Mit dem Übersetzer und Verleger sprach Agnieszka Bormann, Kulturreferentin für Schlesien am Schlesischen Museum zu Görlitz
AB: Geboren und aufgewachsen bist Du in Warschau, weit weg von Schlesien. Erst als erwachsener Mensch um die Dreißig, verheiratet und Vater von drei Töchtern, hast Du der polnischen Hauptstadt den Rücken gekehrt. Dein Weg nach Chromiec (Ludwigsdorf) im Isergebirge führte zunächst über einen Ort an der polnisch-weißrussischen und einen anderen an der polnisch-litauischen Grenze. Es waren Wanderjahre auf der Suche nach dem Ort fürs Leben. Um diesen Weg zu reflektieren, bemühst du manchmal die Metapher von einem Beigel, nach der das wirklich Interessante am Rande liegt, nicht in der Mitte.

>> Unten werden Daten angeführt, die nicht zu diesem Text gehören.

lemma sum_shift_le:
  fixes g :: "'a::ab_group_add \<Rightarrow> real"
  assumes "finite T" "finite Z" "\<And>s. s \<notin> Z \<Longrightarrow> g s = 0" "\<And>s. 0 \<le> g s"
  shows "(\<Sum>t\<in>T. g (t - a)) \<le> (\<Sum>s\<in>Z. g s)"
proof -
  have "(\<Sum>t\<in>T. g (t - a)) = (\<Sum>s\<in>(\<lambda>t. t - a) ` T. g s)"
    by (subst sum.reindex) (auto simp: inj_on_def)
  also have "\<dots> \<le> (\<Sum>s\<in>(\<lambda>t. t - a) ` T \<union> Z. g s)"
    by (rule sum_mono2) (use assms in auto)
  also have "\<dots> = (\<Sum>s\<in>Z. g s)"
    by (rule sum.mono_neutral_right) (use assms in auto)
  finally show ?thesis .
qed

lemma prod_square_le_mean_power:
  fixes w :: "'a \<Rightarrow> real"
  assumes "finite I" "I \<noteq> {}"
  shows "(\<Prod>i\<in>I. (w i)\<^sup>2) \<le> (\<Sum>i\<in>I. \<bar>w i\<bar> ^ (2 * card I) / card I)"
proof -
  have m: "0 < card I"
    using assms by (simp add: card_gt_0_iff)
  have root: "(\<bar>w i\<bar> ^ (2 * card I)) powr (1 / card I) = (w i)\<^sup>2" for i
  proof -
    have "\<bar>w i\<bar> ^ (2 * card I) = ((w i)\<^sup>2) powr (card I)"
      using m by (simp add: power_mult powr_realpow')
    then show ?thesis
      using m by (simp add: powr_powr)
  qed
  have "(\<Prod>i\<in>I. (w i)\<^sup>2) = (\<Prod>i\<in>I. \<bar>w i\<bar> ^ (2 * card I)) powr (1 / card I)"
    by (simp add: prod_powr_distrib root)
  also have "\<dots> \<le> (\<Sum>i\<in>I. \<bar>w i\<bar> ^ (2 * card I) / card I)"
    using assms by (intro arith_geom_mean) auto
  finally show ?thesis .
qed

lemma L2_set_prod_shift_le:
  fixes f :: "int \<Rightarrow> real"
  assumes "finite I" "I \<noteq> {}" "finite T" "finite Z" "\<And>s. s \<notin> Z \<Longrightarrow> f s = 0"
  shows "L2_set (\<lambda>t. \<Prod>i\<in>I. f (t - a i)) T \<le> sig_norm (2 * real (card I)) f ^ card I"
proof -
  define m where "m = card I"
  have m: "0 < m"
    using assms by (simp add: m_def card_gt_0_iff)
  have "(\<Sum>t\<in>T. (\<Prod>i\<in>I. f (t - a i))\<^sup>2) \<le> (\<Sum>t\<in>T. \<Sum>i\<in>I. \<bar>f (t - a i)\<bar> ^ (2 * m) / m)"
    unfolding m_def power2_eq_square prod.distrib[symmetric]
    by (intro sum_mono prod_square_le_mean_power[unfolded power2_eq_square] assms)
  also have "\<dots> = (\<Sum>i\<in>I. (\<Sum>t\<in>T. \<bar>f (t - a i)\<bar> ^ (2 * m)) / m)"
    by (subst sum.swap) (simp add: sum_divide_distrib)
  also have "\<dots> \<le> (\<Sum>i\<in>I. (\<Sum>s\<in>Z. \<bar>f s\<bar> ^ (2 * m)) / m)"
    by (intro sum_mono divide_right_mono sum_shift_le) (use assms m in auto)
  also have "\<dots> = sig_norm (2 * real m) f ^ (2 * m)"
    using m by (simp add: m_def sig_norm_even_power[OF assms(4,5)])
  also have "\<dots> = (sig_norm (2 * real m) f ^ m)\<^sup>2"
    by (metis power_mult mult.commute)
  finally have "L2_set (\<lambda>t. \<Prod>i\<in>I. f (t - a i)) T \<le> sqrt ((sig_norm (2 * real m) f ^ m)\<^sup>2)"
    unfolding L2_set_def by (rule real_sqrt_le_mono)
  then show ?thesis
    by (simp add: m_def sig_norm_nonneg)
qed

definition multiconv :: "nat \<Rightarrow> int list set \<Rightarrow> (int list \<Rightarrow> real) \<Rightarrow> (nat \<Rightarrow> int \<Rightarrow> real) \<Rightarrow> int \<Rightarrow> real"
  where "multiconv n A H z t = (\<Sum>\<tau>\<in>A. H \<tau> * (\<Prod>i<n. z i (t - \<tau> ! i)))"

lemma volt_conv_eq_multiconv:
  assumes "finite {\<tau>\<in>lattice n. H \<tau> \<noteq> 0}"
  shows "volt_conv n H x t = multiconv n {\<tau>\<in>lattice n. H \<tau> \<noteq> 0} H (\<lambda>_. x) t"
proof -
  have "volt_conv n H x t = (\<Sum>\<^sub>\<infinity>\<tau>\<in>{\<tau>\<in>lattice n. H \<tau> \<noteq> 0}. H \<tau> * (\<Prod>i<n. x (t - \<tau> ! i)))"
    unfolding volt_conv_def by (rule infsum_cong_neutral) auto
  then show ?thesis
    using assms by (simp add: multiconv_def)
qed

lemma multiconv_add_sub_expansion:
  "multiconv n A H (\<lambda>_ s. x s + y s) t - multiconv n A H (\<lambda>_. x) t
    = (\<Sum>S\<in>Pow {..<n} - {{}}. multiconv n A H (\<lambda>i. if i \<in> S then y else x) t)"
proof -
  have binomial: "(\<Prod>i<n. x (t - \<tau> ! i) + y (t - \<tau> ! i)) - (\<Prod>i<n. x (t - \<tau> ! i))
      = (\<Sum>S\<in>Pow {..<n} - {{}}. \<Prod>i<n. (if i \<in> S then y else x) (t - \<tau> ! i))" for \<tau>
  proof -
    have split: "(\<Prod>i<n. (if i \<in> S then y else x) (t - \<tau> ! i))
        = (\<Prod>i\<in>S. y (t - \<tau> ! i)) * (\<Prod>i\<in>{..<n} - S. x (t - \<tau> ! i))" if "S \<subseteq> {..<n}" for S
      using that by (simp add: if_distribR prod.If_cases Int_absorb1 Diff_eq)
    have "(\<Prod>i<n. y (t - \<tau> ! i) + x (t - \<tau> ! i))
        = (\<Sum>S\<in>Pow {..<n}. (\<Prod>i\<in>S. y (t - \<tau> ! i)) * (\<Prod>i\<in>{..<n} - S. x (t - \<tau> ! i)))"
      by (rule prod_add) simp
    also have "\<dots> = (\<Prod>i<n. x (t - \<tau> ! i))
        + (\<Sum>S\<in>Pow {..<n} - {{}}. \<Prod>i<n. (if i \<in> S then y else x) (t - \<tau> ! i))"
      by (subst sum.remove[of _ "{}"]) (simp_all add: split)
    finally show ?thesis
      by (simp add: add.commute)
  qed
  have "multiconv n A H (\<lambda>_ s. x s + y s) t - multiconv n A H (\<lambda>_. x) t
      = (\<Sum>\<tau>\<in>A. H \<tau> * ((\<Prod>i<n. x (t - \<tau> ! i) + y (t - \<tau> ! i)) - (\<Prod>i<n. x (t - \<tau> ! i))))"
    by (simp add: multiconv_def sum_subtractf right_diff_distrib)
  also have "\<dots> = (\<Sum>\<tau>\<in>A. \<Sum>S\<in>Pow {..<n} - {{}}. H \<tau> * (\<Prod>i<n. (if i \<in> S then y else x) (t - \<tau> ! i)))"
    by (simp add: binomial sum_distrib_left)
  finally show ?thesis
    unfolding multiconv_def by (simp only: sum.swap[of _ A])
qed

lemma multiconv_eq_0_outside:
  assumes "0 < n" "\<And>s. s \<notin> Z \<Longrightarrow> z 0 s = 0" "t \<notin> (\<lambda>(\<tau>, s). s + \<tau> ! 0) ` (A \<times> Z)"
  shows "multiconv n A H z t = 0"
  unfolding multiconv_def
proof (intro sum.neutral ballI)
  fix \<tau> assume "\<tau> \<in> A"
  then have "t - \<tau> ! 0 \<notin> Z"
    using assms(3) by (auto intro: rev_image_eqI[of "(\<tau>, t - \<tau> ! 0)"])
  then show "H \<tau> * (\<Prod>i<n. z i (t - \<tau> ! i)) = 0"
    using assms(1,2) by (auto intro!: prod_zero bexI[of _ 0])
qed

lemma sum_lags_abs_prod_shift_le:
  fixes z :: "nat \<Rightarrow> int \<Rightarrow> real"
  assumes "finite A" "A \<subseteq> lattice n" "finite Z" "\<And>i s. s \<notin> Z \<Longrightarrow> z i s = 0"
  shows "(\<Sum>\<tau>\<in>A. \<bar>\<Prod>i<n. z i (t - \<tau> ! i)\<bar>) \<le> (\<Prod>i<n. \<Sum>s\<in>Z. \<bar>z i s\<bar>)"
proof -
  \<comment> \<open>on \<open>lattice n\<close> the lags are determined by the points \<open>t - \<tau> ! i\<close> they sample\<close>
  define \<phi> where "\<phi> \<tau> = restrict (\<lambda>i. t - \<tau> ! i) {..<n}" for \<tau> :: "int list"
  define g where "g h = (\<Prod>i<n. \<bar>z i (h i)\<bar>)" for h
  have "inj_on \<phi> A"
  proof (rule inj_onI)
    fix \<sigma> \<tau> assume "\<sigma> \<in> A" "\<tau> \<in> A" and eq: "\<phi> \<sigma> = \<phi> \<tau>"
    have "\<sigma> ! i = \<tau> ! i" if "i < n" for i
      using fun_cong[OF eq, of i] that by (simp add: \<phi>_def)
    moreover have "length \<sigma> = n" "length \<tau> = n"
      using \<open>\<sigma> \<in> A\<close> \<open>\<tau> \<in> A\<close> assms(2) by (auto simp: lattice_def)
    ultimately show "\<sigma> = \<tau>"
      by (simp add: nth_equalityI)
  qed
  have "(\<Sum>\<tau>\<in>A. \<bar>\<Prod>i<n. z i (t - \<tau> ! i)\<bar>) = (\<Sum>\<tau>\<in>A. g (\<phi> \<tau>))"
    by (auto simp: g_def \<phi>_def abs_prod intro!: sum.cong prod.cong)
  also have "\<dots> = (\<Sum>h\<in>\<phi> ` A. g h)"
    using \<open>inj_on \<phi> A\<close> by (simp add: sum.reindex)
  also have "\<dots> \<le> (\<Sum>h\<in>\<phi> ` A \<union> PiE {..<n} (\<lambda>_. Z). g h)"
    using assms(1,3) by (intro sum_mono2) (auto simp: g_def finite_PiE prod_nonneg)
  also have "\<dots> = (\<Sum>h\<in>PiE {..<n} (\<lambda>_. Z). g h)"
  proof (rule sum.mono_neutral_right)
    show "\<forall>h\<in>\<phi> ` A \<union> PiE {..<n} (\<lambda>_. Z) - PiE {..<n} (\<lambda>_. Z). g h = 0"
      using assms(4) by (auto simp: g_def \<phi>_def PiE_iff intro!: prod_zero)
  qed (use assms(1,3) in \<open>auto simp: finite_PiE\<close>)
  also have "\<dots> = (\<Prod>i<n. \<Sum>s\<in>Z. \<bar>z i s\<bar>)"
    unfolding g_def using assms(3) by (simp add: prod_sum_PiE)
  finally show ?thesis .
qed

lemma sum_times_abs_prod_shift_le:
  fixes z :: "nat \<Rightarrow> int \<Rightarrow> real"
  assumes "0 < n" "finite T" "finite Z" "\<And>i s. s \<notin> Z \<Longrightarrow> z i s = 0"
  shows "(\<Sum>t\<in>T. \<bar>\<Prod>i<n. z i (t - \<tau> ! i)\<bar>) \<le> (\<Prod>i<n. \<Sum>s\<in>Z. \<bar>z i s\<bar>)"
proof -
  \<comment> \<open>only slot 0 is summed over \<open>t\<close>; every other slot is bounded by its \<open>l\<^sup>1\<close> norm\<close>
  define R where "R = (\<Prod>i\<in>{..<n} - {0}. \<Sum>s\<in>Z. \<bar>z i s\<bar>)"
  have R: "0 \<le> R"
    by (simp add: R_def prod_nonneg sum_nonneg)
  have entry_le: "\<bar>z i s\<bar> \<le> (\<Sum>s\<in>Z. \<bar>z i s\<bar>)" for i s
    using assms(3,4) by (cases "s \<in> Z") (auto intro: member_le_sum simp: sum_nonneg)
  have "\<bar>\<Prod>i<n. z i (t - \<tau> ! i)\<bar> \<le> \<bar>z 0 (t - \<tau> ! 0)\<bar> * R" for t
  proof -
    have "\<bar>\<Prod>i<n. z i (t - \<tau> ! i)\<bar> = \<bar>z 0 (t - \<tau> ! 0)\<bar> * (\<Prod>i\<in>{..<n} - {0}. \<bar>z i (t - \<tau> ! i)\<bar>)"
      using assms(1) by (simp add: abs_mult abs_prod prod.remove[of _ 0])
    also have "\<dots> \<le> \<bar>z 0 (t - \<tau> ! 0)\<bar> * R"
      unfolding R_def by (intro mult_left_mono prod_mono conjI entry_le) simp_all
    finally show ?thesis .
  qed
  then have "(\<Sum>t\<in>T. \<bar>\<Prod>i<n. z i (t - \<tau> ! i)\<bar>) \<le> (\<Sum>t\<in>T. \<bar>z 0 (t - \<tau> ! 0)\<bar>) * R"
    by (simp add: sum_mono sum_distrib_right)
  also have "\<dots> \<le> (\<Sum>s\<in>Z. \<bar>z 0 s\<bar>) * R"
    using assms by (intro mult_right_mono R sum_shift_le[where g = "\<lambda>s. \<bar>z 0 s\<bar>"]) auto
  also have "\<dots> = (\<Prod>i<n. \<Sum>s\<in>Z. \<bar>z i s\<bar>)"
    using assms(1) by (simp add: R_def prod.remove[of _ 0])
  finally show ?thesis .
qed

lemma L2_set_multiconv_le_kernel_L2:
  fixes z :: "nat \<Rightarrow> int \<Rightarrow> real"
  assumes "0 < n" "finite A" "A \<subseteq> lattice n" "finite T" "finite Z" "\<And>i s. s \<notin> Z \<Longrightarrow> z i s = 0"
  shows "L2_set (multiconv n A H z) T \<le> L2_set H A * (\<Prod>i<n. \<Sum>s\<in>Z. \<bar>z i s\<bar>)"
proof -
  have "L2_set (multiconv n A H z) T \<le> (\<Prod>i<n. \<Sum>s\<in>Z. \<bar>z i s\<bar>) * L2_set H A"
    unfolding multiconv_def
    using assms by (intro L2_set_Schur_test sum_lags_abs_prod_shift_le sum_times_abs_prod_shift_le)
      (auto intro: prod_nonneg sum_nonneg)
  then show ?thesis
    by (simp add: mult.commute)
qed

lemma L2_set_multiconv_le_kernel_l1:
  assumes "\<And>\<tau>. \<tau> \<in> A \<Longrightarrow> L2_set (\<lambda>t. \<Prod>i<n. z i (t - \<tau> ! i)) T \<le> B"
  shows "L2_set (multiconv n A H z) T \<le> (\<Sum>\<tau>\<in>A. \<bar>H \<tau>\<bar>) * B"
proof -
  have "L2_set (multiconv n A H z) T \<le> (\<Sum>\<tau>\<in>A. L2_set (\<lambda>t. H \<tau> * (\<Prod>i<n. z i (t - \<tau> ! i))) T)"
    unfolding multiconv_def by (rule L2_set_sum_le)
  also have "\<dots> \<le> (\<Sum>\<tau>\<in>A. \<bar>H \<tau>\<bar> * B)"
    unfolding L2_set_scale by (intro sum_mono mult_left_mono assms) simp_all
  finally show ?thesis
    by (simp add: sum_distrib_right)
qed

Was genau an den Grenzregionen zieht Dich so an?
MW: Grenzgebiete sind per Definition multikulturelle Gebiete, was besonders attraktiv ist, wenn die vorherrschende Kultur etwas Überwältigendes hat. Es sind Gegenden, in denen es schwierig ist, singuläre Perspektiven zu präsentieren, weil sie sofort als zu eng und unzureichend erscheinen würden. In diesem Sinne erweitern Grenzgebiete dein Bewusstsein. Dies ist besonders im Gebirge der Fall, wo erstens das Natürliche über das von Menschenhand Geschaffene die Oberhand gewinnt, und wo es zweitens keine geraden Wege gibt. Schwarz-weiße Null-Eins-Stereotypen sind hier schwerer zu akzeptieren als im Flachland, wo du nur die Erde unter dir und den Himmel über dir hast, geteilt durch eine gerade Linie. Im Gebirge sind alle Perspektiven dreidimensional, das Bild ändert sich mit jedem Schritt, und es ist offensichtlich, dass es nicht nur die eine Wahrheit gibt: Alles hängt davon ab, wo man steht. Dieses Freiheitsgefühl – körperlich, kulturell und geistig – zieht seit Jahrhunderten rastlose Geister an und ich bin glücklich und stolz, Teil dieser Tradition zu sein.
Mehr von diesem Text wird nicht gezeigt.